Comment 3 Martin Peres 2018-07-18 13:40:47 UTC
(In reply to Takashi Iwai from comment #2)
> How can I reproduce the bug?

Try suspending/resuming in a loop for a couple of thousand times :s I hope this will not require one of these bad boys to reproduce: https://www.intel.com/content/www/us/en/products/boards-kits/nuc/kits/nuc8i7hvk.html

So far, we have only seen this issue once. I will keep you updated when we get more runs with this issue.
Comment 4 Takashi Iwai 2018-07-18 15:37:37 UTC
Do you mean S4 or S3?  The log you showed indicates the GPF at early boot, and is this while suspend/resume testing?  Somehow the information doesn't match with the description...

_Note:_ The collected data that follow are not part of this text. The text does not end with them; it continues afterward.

(* For every prime power $q$ there exists an $[n,2]_q$ MWS code with $n=\frac{q(q+1)}{2}=\left\lceil\frac{q\,\theta_q(1)}{2}\right\rceil$; hence the lower bound $n\ge\lceil q\theta_q(k-1)/2\rceil$ for $[n,k]_q$ MWS codes with $k\ge2$ is attained when $k=2$.
   Context: An $[n,k]_q$ code is a $k$-dimensional subspace of $\mathbb{F}_q^n$, non-degenerate (no coordinate identically zero on the code). $\theta_q(m)=\frac{q^{m+1}-1}{q-1}$, so $\theta_q(1)=q+1$. The code is MWS if the set of its non-zero Hamming weights has cardinality $\theta_q(k-1)$. *)

theory Defs
  imports Complex_Main "HOL-Library.Cardinality"
begin

text \<open>Vectors of length n over a field are modelled as functions nat \<Rightarrow> 'a
  vanishing outside {0..<n}. A family of k vectors is g :: nat \<Rightarrow> nat \<Rightarrow> 'a,
  with g j the j-th vector (j < k).\<close>

definition theta :: "nat \<Rightarrow> nat \<Rightarrow> nat" where
  "theta q m = (q ^ (m + 1) - 1) div (q - 1)"

definition lin_comb :: "nat \<Rightarrow> (nat \<Rightarrow> nat \<Rightarrow> 'a::field) \<Rightarrow> (nat \<Rightarrow> 'a) \<Rightarrow> (nat \<Rightarrow> 'a)" where
  "lin_comb k g c = (\<lambda>i. \<Sum>j<k. c j * g j i)"

definition lin_indep_fam :: "nat \<Rightarrow> (nat \<Rightarrow> nat \<Rightarrow> 'a::field) \<Rightarrow> bool" where
  "lin_indep_fam k g \<longleftrightarrow> (\<forall>c. lin_comb k g c = (\<lambda>_. 0) \<longrightarrow> (\<forall>j<k. c j = 0))"

definition span_fam :: "nat \<Rightarrow> (nat \<Rightarrow> nat \<Rightarrow> 'a::field) \<Rightarrow> (nat \<Rightarrow> 'a) set" where
  "span_fam k g = {lin_comb k g c | c. True}"

definition is_code :: "nat \<Rightarrow> nat \<Rightarrow> (nat \<Rightarrow> 'a::field) set \<Rightarrow> bool" where
  "is_code n k C \<longleftrightarrow>
     (\<exists>g. (\<forall>j<k. \<forall>i\<ge>n. g j i = 0) \<and> lin_indep_fam k g \<and> C = span_fam k g)
     \<and> (\<forall>i<n. \<exists>v\<in>C. v i \<noteq> 0)"

definition hamming_wt :: "nat \<Rightarrow> (nat \<Rightarrow> 'a::zero) \<Rightarrow> nat" where
  "hamming_wt n v = card {i. i < n \<and> v i \<noteq> 0}"

definition is_MWS_code :: "nat \<Rightarrow> nat \<Rightarrow> (nat \<Rightarrow> 'a::{finite,field}) set \<Rightarrow> bool" where
  "is_MWS_code n k C \<longleftrightarrow> is_code n k C \<and>
     card {hamming_wt n v | v. v \<in> C \<and> v \<noteq> (\<lambda>_. 0)} = theta (card (UNIV :: 'a set)) (k - 1)"

end

theory Submission
  imports Defs
begin

text \<open>Take the code spanned by the all-one word and a word whose coordinates list the field
  elements, each x repeated m(x) times. The codeword c0 + c1 col has full weight n
  if c1 = 0, and otherwise vanishes exactly where col = -c0/c1, so its weight is
  n - m(-c0/c1). Choosing the multiplicities m to be 1, 2, ..., q gives q + 1 = theta_q(1)
  distinct weights with n = 1 + 2 + ... + q = q(q+1)/2.\<close>

definition column_gen :: "nat \<Rightarrow> (nat \<Rightarrow> 'a::field) \<Rightarrow> nat \<Rightarrow> nat \<Rightarrow> 'a" where
  "column_gen n col = (\<lambda>j i. if i < n then if j = 0 then 1 else col i else 0)"

definition column_code :: "nat \<Rightarrow> (nat \<Rightarrow> 'a::field) \<Rightarrow> (nat \<Rightarrow> 'a) set" where
  "column_code n col = span_fam 2 (column_gen n col)"

definition column_word :: "nat \<Rightarrow> (nat \<Rightarrow> 'a::field) \<Rightarrow> 'a \<Rightarrow> 'a \<Rightarrow> nat \<Rightarrow> 'a" where
  "column_word n col a b = (\<lambda>i. if i < n then a + b * col i else 0)"

definition multiplicity :: "nat \<Rightarrow> (nat \<Rightarrow> 'a) \<Rightarrow> 'a \<Rightarrow> nat" where
  "multiplicity n col x = card {i. i < n \<and> col i = x}"

lemma lin_comb_column_gen: "lin_comb 2 (column_gen n col) c = column_word n col (c 0) (c 1)"
  by (auto simp: lin_comb_def column_gen_def column_word_def numeral_2_eq_2)

lemma column_code_eq: "column_code n col = {column_word n col a b | a b. True}"
proof -
  have "\<exists>c. column_word n col a b = lin_comb 2 (column_gen n col) c" for a b
    by (rule exI[where x = "\<lambda>j. if j = 0 then a else b"]) (simp add: lin_comb_column_gen)
  then show ?thesis
    unfolding column_code_def span_fam_def by (auto simp: lin_comb_column_gen)
qed

lemma column_word_eq_0_iff:
  assumes "col ` {..<n} = UNIV"
  shows "column_word n col a b = (\<lambda>_. 0) \<longleftrightarrow> a = 0 \<and> b = 0"
proof
  obtain i0 i1 where i: "i0 < n" "i1 < n" "col i0 = 0" "col i1 = 1"
    using assms by (metis UNIV_I imageE lessThan_iff)
  assume "column_word n col a b = (\<lambda>_. 0)"
  then have "column_word n col a b i0 = 0" "column_word n col a b i1 = 0" by simp_all
  with i show "a = 0 \<and> b = 0" by (simp add: column_word_def)
qed (simp add: column_word_def fun_eq_iff)

lemma hamming_wt_column_word_const: "a \<noteq> 0 \<Longrightarrow> hamming_wt n (column_word n col a 0) = n"
  by (simp add: hamming_wt_def column_word_def)

lemma hamming_wt_column_word:
  assumes "b \<noteq> 0"
  shows "hamming_wt n (column_word n col a b) = n - multiplicity n col (- a / b)"
proof -
  have "a + b * y = 0 \<longleftrightarrow> y = - a / b" for y
    using assms by (auto simp: field_simps add_eq_0_iff2)
  then have support: "{i. i < n \<and> column_word n col a b i \<noteq> 0}
                       = {..<n} - {i. i < n \<and> col i = - a / b}"
    by (auto simp: column_word_def)
  show ?thesis
    unfolding hamming_wt_def multiplicity_def support by (subst card_Diff_subset) auto
qed

lemma column_code_is_code:
  assumes surj: "col ` {..<n} = UNIV"
  shows "is_code n 2 (column_code n col)"
  unfolding is_code_def
proof (intro conjI exI allI impI)
  show "lin_indep_fam 2 (column_gen n col)"
    using column_word_eq_0_iff[OF surj]
    by (auto simp: lin_indep_fam_def lin_comb_column_gen less_2_cases_iff)
  show "\<exists>v\<in>column_code n col. v i \<noteq> 0" if "i < n" for i
    using that unfolding column_code_eq
    by (intro bexI[of _ "column_word n col 1 0"]) (auto simp: column_word_def)
qed (auto simp: column_gen_def column_code_def)

lemma column_code_weights:
  fixes col :: "nat \<Rightarrow> 'a::field"
  assumes surj: "col ` {..<n} = UNIV"
  shows "{hamming_wt n v | v. v \<in> column_code n col \<and> v \<noteq> (\<lambda>_. 0)}
           = insert n ((\<lambda>x. n - multiplicity n col x) ` UNIV)"
    (is "?W = ?V")
proof -
  let ?U = "{hamming_wt n (column_word n col a b) | a b. a \<noteq> 0 \<or> b \<noteq> 0}"
  have "?W = ?U"
    unfolding column_code_eq using column_word_eq_0_iff[OF surj] by blast
  also have "?U = ?V"
  proof (intro equalityI subsetI)
    fix w assume "w \<in> ?U"
    then obtain a b where ab: "a \<noteq> 0 \<or> b \<noteq> 0" and w: "w = hamming_wt n (column_word n col a b)"
      by blast
    show "w \<in> ?V"
    proof (cases "b = 0")
      case True
      with ab w show ?thesis by (simp add: hamming_wt_column_word_const)
    next
      case False
      with w show ?thesis by (simp add: hamming_wt_column_word)
    qed
  next
    fix w assume "w \<in> ?V"
    then consider "w = n" | x where "w = n - multiplicity n col x" by blast
    then show "w \<in> ?U"
    proof cases
      case 1
      then have "w = hamming_wt n (column_word n col 1 0)"
        by (simp add: hamming_wt_column_word_const)
      then show ?thesis using one_neq_zero by blast
    next
      case 2
      then have "w = hamming_wt n (column_word n col (- x) 1)"
        by (simp add: hamming_wt_column_word)
      then show ?thesis using one_neq_zero by blast
    qed
  qed
  finally show ?thesis .
qed

lemma card_field_ge_2: "CARD('a::{finite,field}) \<ge> 2"
proof -
  have "card {0::'a, 1} \<le> CARD('a)" by (rule card_mono) auto
  then show ?thesis by simp
qed

lemma theta_1:
  assumes "q \<ge> 2"
  shows "theta q 1 = q + 1"
proof -
  obtain r where q: "q = Suc r" and "r > 0"
    using assms by (cases q) auto
  have "q ^ 2 - 1 = (q + 1) * r"
    by (simp add: q power2_eq_square algebra_simps)
  with \<open>r > 0\<close> show ?thesis
    by (simp add: theta_def q)
qed

lemma column_code_is_MWS:
  fixes col :: "nat \<Rightarrow> 'a::{finite,field}"
  assumes inj: "inj (multiplicity n col)"
    and pos: "\<And>x. multiplicity n col x > 0"
  shows "is_MWS_code n 2 (column_code n col)"
proof -
  have bounded: "multiplicity n col x \<le> n" for x
    unfolding multiplicity_def by (rule card_mono[of "{..<n}", simplified]) auto
  have "\<exists>i<n. col i = x" for x
    using pos[of x] unfolding multiplicity_def card_gt_0_iff by blast
  then have surj: "col ` {..<n} = UNIV" by (metis UNIV_eq_I image_iff lessThan_iff)
  have "inj (\<lambda>x. n - multiplicity n col x)"
  proof (rule injI)
    fix x y assume "n - multiplicity n col x = n - multiplicity n col y"
    with bounded[of x] bounded[of y] have "multiplicity n col x = multiplicity n col y" by linarith
    with inj show "x = y" by (simp add: inj_eq)
  qed
  moreover have "n \<notin> range (\<lambda>x. n - multiplicity n col x)"
  proof -
    have "n - multiplicity n col x < n" for x
      using pos[of x] bounded[of x] by linarith
    then show ?thesis by (metis less_irrefl rangeE)
  qed
  ultimately have "card (insert n ((\<lambda>x. n - multiplicity n col x) ` UNIV)) = CARD('a) + 1"
    by (simp add: card_image)
  then show ?thesis
    unfolding is_MWS_code_def
    using column_code_is_code[OF surj] column_code_weights[OF surj]
      theta_1[OF card_field_ge_2[where 'a = 'a]] by simp
qed

lemma ex_sequence_with_multiplicities:
  fixes m :: "'b::finite \<Rightarrow> nat"
  obtains col :: "nat \<Rightarrow> 'b" where "multiplicity (\<Sum>x\<in>UNIV. m x) col = m"
proof -
  define S where "S = (SIGMA x:UNIV. {..<m x})"
  have card_S: "card S = (\<Sum>x\<in>UNIV. m x)" by (simp add: S_def)
  obtain h where h: "bij_betw h {0..<card S} S"
    using ex_bij_betw_nat_finite[of S] by (auto simp: S_def)
  have "multiplicity (card S) (\<lambda>i. fst (h i)) x = m x" for x
  proof -
    have "bij_betw h {i \<in> {0..<card S}. fst (h i) = x} {p \<in> S. fst p = x}"
      using h by (rule bij_betw_Collect) simp
    then have "multiplicity (card S) (\<lambda>i. fst (h i)) x = card {p \<in> S. fst p = x}"
      unfolding multiplicity_def by (simp add: bij_betw_same_card)
    also have "{p \<in> S. fst p = x} = {x} \<times> {..<m x}" by (auto simp: S_def)
    finally show ?thesis by simp
  qed
  with card_S that show ?thesis by auto
qed

lemma ex_bij_betw_one_to_card:
  obtains m :: "'b::finite \<Rightarrow> nat" where "bij_betw m UNIV {1..CARD('b)}"
proof -
  obtain e :: "'b \<Rightarrow> nat" where "bij_betw e UNIV {0..<CARD('b)}"
    using ex_bij_betw_finite_nat[of "UNIV :: 'b set"] by auto
  moreover have "bij_betw Suc {0..<CARD('b)} {1..CARD('b)}"
    by (simp add: bij_betw_Suc atLeastLessThanSuc_atLeastAtMost)
  ultimately show thesis
    using that bij_betw_trans by blast
qed

lemma even_nat_ceiling_half: "even m \<Longrightarrow> nat \<lceil>real m / 2\<rceil> = m div 2"
  by (auto simp: real_of_nat_div[symmetric])

theorem mainTheorem12:
  shows "(\<exists>C :: (nat \<Rightarrow> 'a::{finite,field}) set.
            is_MWS_code (CARD('a) * (CARD('a) + 1) div 2) 2 C)
         \<and> CARD('a) * (CARD('a) + 1) div 2
             = nat \<lceil>real (CARD('a) * theta CARD('a) 1) / 2\<rceil>"
proof
  obtain m :: "'a \<Rightarrow> nat" where m: "bij_betw m UNIV {1..CARD('a)}"
    by (rule ex_bij_betw_one_to_card)
  have n: "(\<Sum>x\<in>UNIV. m x) = CARD('a) * (CARD('a) + 1) div 2"
    using sum.reindex_bij_betw[OF m, of id] gauss_sum_from_Suc_0[of "CARD('a)", where 'a = nat]
    by simp
  obtain col :: "nat \<Rightarrow> 'a" where "multiplicity (\<Sum>x\<in>UNIV. m x) col = m"
    by (rule ex_sequence_with_multiplicities)
  moreover have "inj m"
    using m by (simp add: bij_betw_def)
  moreover have "m x > 0" for x
    using bij_betw_apply[OF m, of x] by simp
  ultimately show "\<exists>C :: (nat \<Rightarrow> 'a) set. is_MWS_code (CARD('a) * (CARD('a) + 1) div 2) 2 C"
    using column_code_is_MWS[of "CARD('a) * (CARD('a) + 1) div 2" col] n by auto
next
  have "even (CARD('a) * (CARD('a) + 1))" by simp
  then show "CARD('a) * (CARD('a) + 1) div 2 = nat \<lceil>real (CARD('a) * theta CARD('a) 1) / 2\<rceil>"
    unfolding theta_1[OF card_field_ge_2] by (rule even_nat_ceiling_half[symmetric])
qed

end
lemma parallelogram_law:
  fixes x y :: "'a::chilbert"
  shows "(norm (x + y))\<^sup>2 + (norm (x - y))\<^sup>2 = 2 * (norm x)\<^sup>2 + 2 * (norm y)\<^sup>2"
  using norm_add_square[of x y] norm_add_square[of x "- y"] by (simp add: cinner_minus_right)

lemma norm_diff_cscale_real_square:
  "(norm (u - cscale (complex_of_real t) v))\<^sup>2
     = (norm u)\<^sup>2 + t\<^sup>2 * (norm v)\<^sup>2 - 2 * t * Re (cinner u v)"
  using norm_add_square[of u "- cscale (complex_of_real t) v"]
  by (simp add: norm_cscale power_mult_distrib cinner_minus_right cinner_cscale_right)


section \<open>Closed subspaces and orthogonal projections\<close>

definition csubspace :: "'a::chilbert set \<Rightarrow> bool" where
  "csubspace V \<longleftrightarrow> 0 \<in> V \<and> (\<forall>x\<in>V. \<forall>y\<in>V. x + y \<in> V) \<and> (\<forall>c. \<forall>x\<in>V. cscale c x \<in> V)"

lemma csubspace_0: "csubspace V \<Longrightarrow> 0 \<in> V"
  by (simp add: csubspace_def)

lemma csubspace_add: "csubspace V \<Longrightarrow> x \<in> V \<Longrightarrow> y \<in> V \<Longrightarrow> x + y \<in> V"
  by (simp add: csubspace_def)

lemma csubspace_cscale: "csubspace V \<Longrightarrow> x \<in> V \<Longrightarrow> cscale c x \<in> V"
  by (simp add: csubspace_def)

lemma csubspace_diff: "csubspace V \<Longrightarrow> x \<in> V \<Longrightarrow> y \<in> V \<Longrightarrow> x - y \<in> V"
  by (metis csubspace_add csubspace_cscale cscale_minus_one diff_conv_add_uminus)

lemma csubspace_scaleR: "csubspace V \<Longrightarrow> x \<in> V \<Longrightarrow> r *\<^sub>R x \<in> V"
  by (simp add: csubspace_cscale scaleR_cscale)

The more information is appreciated.  Thanks.
Comment 5 Martin Peres 2018-07-19 08:35:05 UTC
Sorry about that. I followed the code and it looks like the test is verifying that hibernating while the GPU is active is done properly.

The hibernation is triggered like this:

# echo devices > /sys/power/pm_test 
# echo disk > /sys/power/state

I hope this helps!
Comment 6 Lakshminarayana Vudum 2019-02-14 08:58:06 UTC
Last seen CI_DRM_4454 (7 months, 1 week / 4171 runs ago). This issue is not seen lately.
Comment 7 Martin Peres 2019-03-08 12:01:12 UTC
Still have not reproduced 8 months later. So much has changed since this bug was filed that it makes no sense to keep it open. Closing!